definition bias :: "state \<Rightarrow> real" where
  "bias s = (case s of (x, xh, d) \<Rightarrow>
     if x = 1 \<and> xh = 0 then a10 + b10 * real d
     else if x = 0 \<and> xh = 1 then bias01 d
     else if x = 1 then v11 else 0)"

lemma stage_cost_eq:
  "s \<in> SS \<Longrightarrow> stage_cost p q ps \<beta> lam s (pol s) =
     next_expect p q ps (pol s) s (cst \<beta>) + lam * (if pol s then 1 else 0)"
  unfolding stage_cost_def using trans_has_sum_next_expect[of s p q ps "pol s" "cst \<beta>"] by (simp add: infsumI)

lemma bias01_above: "d \<ge> du \<Longrightarrow> bias01 d = a01 + b01 * real d"
  using p1 by (cases "d = du") (simp_all add: bias01_def K01_def)

lemma poisson_000: "p * pf * \<beta> + lam = gain - p * (ps * v11 + pf * (a10 + b10))"
proof -
  define i j where "i = 1 / (1 - r10)" and "j = 1 / (p * ps)"
  have "(1 - r10) * i = 1" "(p * ps) * j = 1"
    unfolding i_def j_def using nonzero_denominators by simp_all
  moreover have "b10 = r10 * \<beta> * i"
    and "F000 = \<beta> * p * pf + lam + p * pf * (r10 * \<beta> + b10 + lam) * i"
    and "v11 = (gain * (1 - r10 + p * pf) - F000 * (1 - r10)) * j"
    and "a10 = (r10 * \<beta> + r10 * b10 + lam + (1 - q) * ps * v11 - gain) * i"
    unfolding b10_def F000_def v11_def a10_def i_def j_def by simp_all
  ultimately show ?thesis by algebra
qed

lemma poisson_10:
  "r10 * (\<beta> * (real d + 1)) + lam = gain + (a10 + b10 * real d) - (1 - q) * (ps * v11 + pf * (a10 + b10 * (real d + 1)))"
proof -
  define i where "i = 1 / (1 - r10)"
  have "(1 - r10) * i = 1"
    unfolding i_def using nonzero_denominators by simp
  moreover have "b10 = r10 * \<beta> * i" "a10 = (r10 * \<beta> + r10 * b10 + lam + (1 - q) * ps * v11 - gain) * i"
    unfolding b10_def a10_def i_def by simp_all
  ultimately show ?thesis by algebra
qed

lemma poisson_01_above:
  "r01 * ((1 - \<beta>) * (real d + 1)) + lam = gain + (a01 + b01 * real d) - ((1 - p) * (pf * (a01 + b01 * (real d + 1))) + p * v11)"
proof -
  define i where "i = 1 / (1 - r01)"
  have "(1 - r01) * i = 1"
    unfolding i_def using nonzero_denominators by simp
  moreover have "b01 = r01 * (1 - \<beta>) * i" "a01 = (r01 * (1 - \<beta>) + r01 * b01 + lam + p * v11 - gain) * i"
    unfolding b01_def a01_def i_def by simp_all
  ultimately show ?thesis by algebra
qed

lemma poisson_01_below:
  assumes "d + 1 \<le> du"
  shows "(1 - p) * ((1 - \<beta>) * real (Suc d)) = gain + bias01 d - ((1 - p) * bias01 (Suc d) + p * v11)"
proof -
  define z j where "z = K01 / (1 - p) ^ Suc d" and "j = 1 / p"
  have "p * j = 1"
    unfolding j_def using nonzero_denominators by simp
  moreover have "bias01 d = c01 + e01 * real d + (1 - p) * z" "bias01 (Suc d) = c01 + e01 * (real d + 1) + z"
    unfolding bias01_def z_def using assms p1 by (simp_all add: field_simps)
  moreover have "e01 = (1 - p) * (1 - \<beta>) * j" "c01 = (e01 + p * v11 - gain) * j"
    unfolding e01_def c01_def j_def by simp_all
  moreover have "real (Suc d) = real d + 1"
    by simp
  ultimately show ?thesis by algebra
qed

lemma psi_scaled:
  "psi pf (1 - p) du * p = p + (1 - p) * (1 + p) * inverse p
     + p * (1 - p) ^ (du - 1) * (r01 * inverse (1 - r01) ^ 2 + r01 * real du * inverse (1 - r01)
        - (1 - p) * inverse p ^ 2 - (1 - p) * real du * inverse p)"
proof -
  define X n i1 i2 where "X = (1 - p) ^ (du - 1)" and "n = real du"
    and "i1 = inverse p" and "i2 = inverse (1 - r01)"
  have "psi pf (1 - p) du = (1 - ((1 - p) + p * n) * X) * i1 ^ 2 + (r01 + (1 - r01) * n) * X * i2 ^ 2"
    unfolding psi_def X_def n_def i1_def i2_def by (simp add: divide_inverse power_inverse)
  moreover have "p * i1 = 1" "(1 - r01) * i2 = 1"
    unfolding i1_def i2_def using nonzero_denominators by simp_all
  ultimately show ?thesis
    unfolding X_def[symmetric] n_def[symmetric] i1_def[symmetric] i2_def[symmetric] by algebra
qed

About this task — All that is wanted is an exact copy of the lines above from the one with "real (Suc d))" through the one with "(1 + p) * inverse p", with both ends included.

Answer box —
  shows "(1 - p) * ((1 - \<beta>) * real (Suc d)) = gain + bias01 d - ((1 - p) * bias01 (Suc d) + p * v11)"
proof -
  define z j where "z = K01 / (1 - p) ^ Suc d" and "j = 1 / p"
  have "p * j = 1"
    unfolding j_def using nonzero_denominators by simp
  moreover have "bias01 d = c01 + e01 * real d + (1 - p) * z" "bias01 (Suc d) = c01 + e01 * (real d + 1) + z"
    unfolding bias01_def z_def using assms p1 by (simp_all add: field_simps)
  moreover have "e01 = (1 - p) * (1 - \<beta>) * j" "c01 = (e01 + p * v11 - gain) * j"
    unfolding e01_def c01_def j_def by simp_all
  moreover have "real (Suc d) = real d + 1"
    by simp
  ultimately show ?thesis by algebra
qed

lemma psi_scaled:
  "psi pf (1 - p) du * p = p + (1 - p) * (1 + p) * inverse p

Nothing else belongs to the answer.